The Sociology Department’s Socio-Technical Inequality, Change, Knowledge, Environment, and Resilience Lab (STICKER group) is an environmental sociology research group that includes Professors Joe Bandy, Patrick Greiner, David Hess, and Zdravka Tzankova. Faculty and student research in the STICKER Lab spans a wide range of topics.

Current research areas include:

  • social movements and energy infrastructure
  • opposition to pipelines
  • the politics of science and scientific disinformation
  • the social dimensions of environmental change
  • education and the environment
  • environmental and climate justice
  • business and civil society roles in environmental and climate governance
  • public-private governance interactions

Sociology faculty and undergraduate students are also at the center of actionable research and social innovation at the Climate, Health, and Energy Equity Lab (CHEEL Lab) at the Wondr’y. Work in the CHEEL Lab is focused on designing climate mitigation projects that deliver tangible economic, environmental and health co-benefits for marginalized communities in the U.S. In the sociology graduate program, graduate student Kaelee Belletto is working on her dissertation on environmental justice in Appalachia, and graduate student Yu-Ri Kim has worked on an analysis of pipeline opposition in the U.S.  Recent Ph.D. graduates include Kate Pride Brown (Georgia Tech), Dasom Lee (KAIST), and Rachel McKane (Brown University). Undergraduates participate in various research projects either as part of their Immersion requirements or for pay, and environmental sociology majors also have written a variety of senior theses. Professors Sana and McCammon also include environmental topics in their undergraduate courses, and Professor Bandy co-directs the Cumberland Project, which assists with curricular and instructional development for environmental education.

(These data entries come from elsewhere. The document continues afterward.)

lemma internal_vert_two_neighbours:
  assumes "is_path E p" "v \<in> internal_verts p"
  shows "\<exists>u w. u \<noteq> w \<and> {u, v} \<in> E \<and> {v, w} \<in> E"
proof -
  have p: "p \<noteq> []" "distinct p" "\<And>i. Suc i < length p \<Longrightarrow> {p ! i, p ! Suc i} \<in> E"
    using assms(1) unfolding is_path_def by auto
  obtain i where i: "i < length p" "p ! i = v" "v \<noteq> hd p" "v \<noteq> last p"
    using assms(2) by (auto simp: internal_verts_def in_set_conv_nth)
  have "i \<noteq> 0" using i p(1) hd_conv_nth by metis
  moreover have "i \<noteq> length p - 1" using i p(1) last_conv_nth by metis
  ultimately obtain j where j: "i = Suc j" "Suc i < length p" using i(1) by (cases i) auto
  have "p ! j \<noteq> p ! Suc i" using p(2) j by (simp add: nth_eq_iff_index_eq)
  then show ?thesis using p(3)[of j] p(3)[of i] i j by auto
qed

lemma cycle_vert_two_neighbours:
  assumes "is_cycle E c" "v \<in> set c"
  shows "\<exists>u w. u \<noteq> w \<and> {u, v} \<in> E \<and> {v, w} \<in> E"
proof -
  have c: "length c \<ge> 3" "distinct c" "\<And>i. Suc i < length c \<Longrightarrow> {c ! i, c ! Suc i} \<in> E"
    and closing: "{c ! (length c - 1), c ! 0} \<in> E"
    using assms(1) unfolding is_cycle_def is_path_def by (auto simp: last_conv_nth hd_conv_nth)
  obtain i where i: "i < length c" "c ! i = v" using assms(2) by (auto simp: in_set_conv_nth)
  have "c \<noteq> []" using c(1) by auto
  have distinct_at: "c ! j \<noteq> c ! k" if "j < length c" "k < length c" "j \<noteq> k" for j k
    using c(2) that by (simp add: nth_eq_iff_index_eq)
  consider "i = 0" | "i = length c - 1" | "0 < i" "i < length c - 1" using i by linarith
  then show ?thesis
  proof cases
    case 1
    have "c ! (length c - 1) \<noteq> c ! 1" using distinct_at[of "length c - 1" 1] c(1) by simp
    then show ?thesis using c(3)[of 0] closing c(1) i 1 by (intro exI) auto
  next
    case 2
    have "Suc (length c - 2) = length c - 1" using c(1) by auto
    then have "{c ! (length c - 2), v} \<in> E" using c(3)[of "length c - 2"] c(1) i 2 by auto
    moreover have "{v, c ! 0} \<in> E" using closing i 2 by simp
    moreover have "c ! (length c - 2) \<noteq> c ! 0" using distinct_at[of "length c - 2" 0] c(1) \<open>c \<noteq> []\<close> by simp
    ultimately show ?thesis by blast
  next
    case 3
    then obtain j where "i = Suc j" by (cases i) auto
    then show ?thesis
      using c(3)[of j] c(3)[of i] distinct_at[of j "Suc i"] 3 i
      by (intro exI[of _ "c ! j"] exI[of _ "c ! Suc i"]) auto
  qed
qed

lemma degree_ge_two_if_two_neighbours:
  assumes "finite E" "u \<noteq> w" "{u, v} \<in> E" "{v, w} \<in> E"
  shows "2 \<le> degree E v"
proof -
  have "{{u, v}, {v, w}} \<subseteq> {e \<in> E. v \<in> e}" using assms by auto
  moreover have "card {{u, v}, {v, w}} = 2" using assms(2) by (auto simp: doubleton_eq_iff card_insert_if)
  moreover have "finite {e \<in> E. v \<in> e}" using assms(1) by simp
  ultimately show ?thesis unfolding degree_def by (metis card_mono)
qed

lemma is_graph_edge_subset: "is_graph V E \<Longrightarrow> e \<in> E \<Longrightarrow> e \<subseteq> V"
  unfolding is_graph_def by auto

lemma is_graph_finite_edges: "is_graph V E \<Longrightarrow> finite V \<Longrightarrow> finite E"
  unfolding is_graph_def by (rule finite_subset[of _ "Pow V"]) auto

lemma is_tree_is_graph: "is_tree V E \<Longrightarrow> is_graph V E \<and> finite E"
  unfolding is_tree_def using is_graph_finite_edges by blast

lemma is_tree_singleton: "is_tree {v} {}"
proof -
  have "path_between {} v v [v]" by (simp add: path_between_def)
  moreover have "\<not> is_cycle {} c" for c
  proof
    assume "is_cycle {} c"
    then have "Suc 0 < length c" "\<forall>i. Suc i < length c \<longrightarrow> {c ! i, c ! Suc i} \<in> {}"
      unfolding is_cycle_def is_path_def by auto
    then show False by blast
  qed
  ultimately show ?thesis unfolding is_tree_def is_graph_def by auto
qed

Work and Occupations Journal

Work and Occupations

Dan Cornfield, Editor-in-Chief

Vanderbilt faculty members of the 31-member international editorial board: 

Bruce Barry

Alexandre Frenette

Larry Isaac

Joshua Murray

Lijun Song

Vanderbilt sociology doctoral student team members: 

Meagan Rainock, Deputy Editor

Matthew Tarizzo, Book Review Editor

Savannah Bastian, Associate Editor

Kaelee Belletto, Associate Editor

Chancey Herbolsheimer, Associate Editor

Adam Schoenbachler, Associate Editor

Workshop on Organizations, Work, and Labor

The Workshop on Organizations, Work, and Labor (OWL), led by Dan Cornfield, is a space for faculty and students to discuss their work-in-progress on organizations, work, and labor.